Pensaba en ello hoy saliendo del cine y a propósito de Truman, la película de Cesc Gay, protagonizada por los enormes actores que son Ricardo Darín y Javier Cámara, dos amigos de juventud que vuelven a reencontrarse después de un tiempo de no verse debido a la distancia: uno vive en Madrid y otro en Canadá.

En un momento de la historia, puede que uno de los que más me conmovió, Julián, el personaje protagonizado por Darín, al darse cuenta que un compañero finge no haberlo visto, simplemente afirma: “No me quiso saludar porque huele la muerte”.

Unos minutos más tarde, prácticamente la misma escena, pero en otro restaurante, el mismo hombre, acompañado de Tomás (Javier Cámara), se reencuentra con otro amigo, esta vez alguien a quien un día engañó y traicionó. Y entonces los papeles se invierten. Julián trata de esconderse, mientras que el otro, ante su sorpresa, le da una gran lección: le saluda afectuosamente, da la cara y le confiesa que lo siente, que le sabe mal que esté pasando por esta mala situación.

Reflexionaba sentado en mi butaca ante la gran pantalla y me preguntaba: ¿Nos cuesta todavía hablar de la muerte? ¿Nos cuesta mirar de frente a aquel amigo que sabemos que no le queda mucho tiempo? ¿Evitamos hablar de cómo queremos morir? ¿Nos da miedo?

Puede que a algunos, un poco. Porque unos minutos después de esta escena del filme, muy recomendable por cierto, una pareja de mediana edad, se levantó de su asiento, cogieron los abrigos, y el bolso, ella, y simplemente se largaron de la sala. Puede que para ellos, sí, la muerte siga siendo un tabú. 

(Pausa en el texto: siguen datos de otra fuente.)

lemma bern_gen_pow_compose_log1p_mult:
  "(bern_gen_pow (int a - int r + 1) oo log1p_fps) * inverse log1p_over_X ^ Suc a
     = inverse log1p_over_X ^ r"
proof (cases "r \<le> Suc a")
  case True
  have "log1p_over_X ^ (Suc a - r) * inverse log1p_over_X ^ (Suc a - r) = 1"
    by (simp add: inverse_mult_eq_1' flip: power_mult_distrib)
  moreover have "inverse log1p_over_X ^ Suc a
      = inverse log1p_over_X ^ (Suc a - r) * inverse log1p_over_X ^ r"
    using True by (simp flip: power_add)
  moreover have "nat (int a - int r + 1) = Suc a - r"
    using True by simp
  ultimately show ?thesis
    using True by (simp add: bern_gen_pow_compose_log1p mult.assoc[symmetric])
next
  case False
  then have "bern_gen_pow (int a - int r + 1) oo log1p_fps
      = inverse log1p_over_X ^ nat (- (int a - int r + 1))"
    by (simp add: bern_gen_pow_compose_log1p)
  moreover have "nat (- (int a - int r + 1)) + Suc a = r"
    using False by simp
  ultimately show ?thesis
    by (simp only: flip: power_add)
qed

lemma fps_binomial_mult_deriv_log1p:
  "fps_binomial (1 - real r) * fps_deriv log1p_fps = fps_deriv log1p_fps ^ r"
proof -
  have "fps_binomial (1 - real r) * fps_binomial (- 1) = fps_binomial (of_nat r * (- 1))"
    by (simp flip: fps_binomial_add_mult)
  then show ?thesis
    by (simp add: fps_deriv_log1p_fps fps_binomial_power flip: fps_binomial_minus_one)
qed

lemma A_factor_power_nth:
  "(A_factor ^ r) $ a = (bern_gen_pow (int a - int r + 1) * fps_exp (1 - real r)) $ a"
proof -
  define P where "P = bern_gen_pow (int a - int r + 1) * fps_exp (1 - real r)"
  have "(P oo log1p_fps) * (inverse log1p_over_X ^ Suc a * fps_deriv log1p_fps)
      = ((bern_gen_pow (int a - int r + 1) oo log1p_fps) * inverse log1p_over_X ^ Suc a)
        * (fps_binomial (1 - real r) * fps_deriv log1p_fps)"
    by (simp add: P_def fps_compose_mult_distrib fps_exp_compose_log1p ac_simps)
  also have "\<dots> = A_factor ^ r"
    by (simp only: bern_gen_pow_compose_log1p_mult fps_binomial_mult_deriv_log1p
        A_factor_eq_inverse_mult_deriv power_mult_distrib)
  finally have "A_factor ^ r
      = (P oo (fps_X * log1p_over_X)) * (inverse log1p_over_X ^ Suc a
          * fps_deriv (fps_X * log1p_over_X))"
    by (simp add: fps_X_mult_log1p_over_X)
  then show ?thesis
    using fps_nth_compose_mult_inverse_power_deriv[of log1p_over_X P a] by (simp add: P_def)
qed

lemma sum_of_int_coeff_mult_monic_linear:
  fixes p :: "int poly" and x :: "'a::comm_ring_1"
  assumes "degree p \<le> N"
  shows "(\<Sum>j\<le>Suc N. of_int (coeff (p * [:c, 1:]) j) * x ^ j)
       = (\<Sum>j\<le>N. of_int (coeff p j) * x ^ j) * (x + of_int c)"
proof -
  have low: "(\<Sum>j\<le>Suc N. of_int (coeff p j) * x ^ j) = (\<Sum>j\<le>N. of_int (coeff p j) * x ^ j)"
    using assms by (simp add: coeff_eq_0)
  have shift: "(\<Sum>j\<le>Suc N. of_int (coeff (pCons 0 p) j) * x ^ j)
      = x * (\<Sum>j\<le>N. of_int (coeff p j) * x ^ j)"
    by (simp add: sum.atMost_Suc_shift sum_distrib_left mult_ac del: sum.atMost_Suc)
  have "p * [:c, 1:] = smult c p + pCons 0 p"
    by simp
  then have "(\<Sum>j\<le>Suc N. of_int (coeff (p * [:c, 1:]) j) * x ^ j)
      = of_int c * (\<Sum>j\<le>Suc N. of_int (coeff p j) * x ^ j)
        + (\<Sum>j\<le>Suc N. of_int (coeff (pCons 0 p) j) * x ^ j)"
    by (simp only: coeff_add coeff_smult of_int_add of_int_mult sum.distrib sum_distrib_left
        distrib_right mult.assoc)
  then show ?thesis
    by (simp only: low shift) (simp add: algebra_simps)
qed

lemma sum_stirling1_signed_power:
  fixes x :: "'a::field_char_0"
  shows "(\<Sum>j=0..m. of_int (stirling1_signed m j) * x ^ j) = fact m * (x gchoose m)"
proof -
  have "(\<Sum>j\<le>m. of_int (coeff (\<Prod>i<m. [:- int i, 1:]) j) * x ^ j) = (\<Prod>i<m. x - of_nat i)"
  proof (induction m)
    case (Suc m)
    have "degree (\<Prod>i<m. [:- int i, 1:]) \<le> m"
      by (rule order_trans[OF degree_prod_sum_le]) simp_all
    then have "(\<Sum>j\<le>Suc m. of_int (coeff (\<Prod>i<Suc m. [:- int i, 1:]) j) * x ^ j)
        = (\<Sum>j\<le>m. of_int (coeff (\<Prod>i<m. [:- int i, 1:]) j) * x ^ j) * (x + of_int (- int m))"
      unfolding prod.lessThan_Suc by (rule sum_of_int_coeff_mult_monic_linear)
    with Suc.IH show ?case
      by simp
  qed simp
  then show ?thesis
    by (simp add: stirling1_signed_def gbinomial_mult_fact atLeast0AtMost atLeast0LessThan)
qed

lemma fact_mult_fps_mult_nth:
  fixes f g :: "'a::field_char_0 fps"
  shows "fact n * (f * g) $ n
       = (\<Sum>m=0..n. of_nat (n choose m) * (fact m * f $ m) * (fact (n - m) * g $ (n - m)))"
  unfolding fps_mult_nth sum_distrib_left
  by (intro sum.cong refl) (simp add: binomial_fact field_simps)

lemma sum_triangle_shift:
  fixes g :: "nat \<Rightarrow> nat \<Rightarrow> 'a::comm_monoid_add"
  shows "(\<Sum>m=0..n. \<Sum>j=0..m. g j m) = (\<Sum>j=0..n. \<Sum>l=0..n-j. g j (l + j))"
proof -
  have "(\<Sum>m=0..n. \<Sum>j=0..m. g j m) = (\<Sum>m\<in>{0..n}. \<Sum>j\<in>{j. j \<in> {0..n} \<and> j \<le> m}. g j m)"
    by (intro sum.cong) auto
  also have "\<dots> = (\<Sum>j\<in>{0..n}. \<Sum>m\<in>{m. m \<in> {0..n} \<and> j \<le> m}. g j m)"
    by (rule sum.swap_restrict) simp_all
  also have "\<dots> = (\<Sum>j=0..n. \<Sum>m=0+j..n-j+j. g j m)"
    by (intro sum.cong) auto
  also have "\<dots> = (\<Sum>j=0..n. \<Sum>l=0..n-j. g j (l + j))"
    by (simp only: sum.shift_bounds_cl_nat_ivl)
  finally show ?thesis .
qed

theorem theorem3:
  fixes n r :: nat and k :: int and x :: real
  shows "A_tilde n r k x =
    (\<Sum>j=0..n. (\<Sum>l=0..n-j. \<Sum>a=0..n-j-l.
        real (n choose (l + j)) * real ((n - j - l) choose a)
        * of_int (stirling1_signed (l + j) j)
        * bernoulli_order a (int a - int r + 1) (1 - real r)
        * polyCauchy2 (n - j - l - a) k) * x ^ j)"
proof -
  have bernoulli: "bernoulli_order a (int a - int r + 1) (1 - real r) = fact a * (A_factor ^ r) $ a"
    for a
    by (simp add: bernoulli_order_def A_factor_power_nth)
  have "A_tilde n r k x = fact n * (fps_binomial x * (A_factor ^ r * Lif_neglog k)) $ n"
    by (simp add: A_tilde_def mult.commute)
  also have "\<dots> = (\<Sum>m=0..n. real (n choose m) * (fact m * (x gchoose m))
      * (\<Sum>a=0..n-m. real ((n - m) choose a) * bernoulli_order a (int a - int r + 1) (1 - real r)
          * polyCauchy2 (n - m - a) k))"
    by (simp add: fact_mult_fps_mult_nth bernoulli polyCauchy2_def mult.assoc)
  also have "\<dots> = (\<Sum>m=0..n. \<Sum>j=0..m. (\<Sum>a=0..n-m.
        real (n choose m) * real ((n - m) choose a) * of_int (stirling1_signed m j)
        * bernoulli_order a (int a - int r + 1) (1 - real r)
        * polyCauchy2 (n - m - a) k) * x ^ j)"
    by (intro sum.cong refl)
      (simp add: sum_stirling1_signed_power[symmetric] sum_distrib_left sum_distrib_right mult_ac,
        rule sum.swap)
  finally show ?thesis
    by (simp add: sum_triangle_shift sum_distrib_right add.commute)
qed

domingo, 20 de septiembre de 2015

¡Claro que mañana vuelves al trabajo!

¡Mañana vuelves al trabajo! Esto está clarísimo. ¿Tú que te crees? – me advirtió mi padre cuando le dije que no volvería el día siguiente a mi primera suplencia de fines de semana, entonces como auxiliar enfermero en el Instituto Guttmann de Barcelona. Y a primera hora de la mañana de aquel domingo, mi padre me acompañó hasta la puerta del trabajo para asegurarse de que cumplía con mi obligación.

El primer día en el centro, en el que tuve que hacer cambios posturales, dar de comer y ayudar a los pacientes ingresados, muchos de ellos jóvenes de mi misma edad tetrapléjicos, parapléjicos, de nacimiento o que habían sufrido accidentes de tráfico recientes, me impactó tan dolorosamente que al salir tuve claro que no volvía, que aquello no estaba hecho para mí.

Pero continué en el Instituto Guttmann, supongo que inicialmente obligado por mis padres, a quien seguramente al final les debo haber descubierto mi primera vocación como enfermero. Con los años me convertí en enfermero especialista en geriatría y acabé por ver que lo que más me gustaba era el contacto con personas mayores, en ocasiones dependientes, y acompañar, de esta manera, a uno de los colectivos más frágiles y vulnerables. 

Durante aquellos meses hice de todo: cambiar la postura de los ingresados, ayudarles a comer, a hacer sus necesidades, limpiarlos, acompañarlos, escucharles. También aprendí mucho de ellos, de sus experiencias y de sus historias, algunas de ellas muy duras. Y al final, con el tiempo, aquella experiencia se fue desdibujando en mi mente. Guttmann se quedó en mi memoria como mi primera experiencia profesional, pero poco más. Hasta hace una semana.

El pasado martes, con motivo de mi trabajo, me reuní con Jordi, un periodista de una televisión de Terrassa, que me entrevistó hace unos meses para su programa dedicado a las personas mayores. Él es el responsable y también presentador del espacio semanal y utiliza una silla de ruedas eléctrica, que le ayuda a desenvolverse con una sorprendente autonomía.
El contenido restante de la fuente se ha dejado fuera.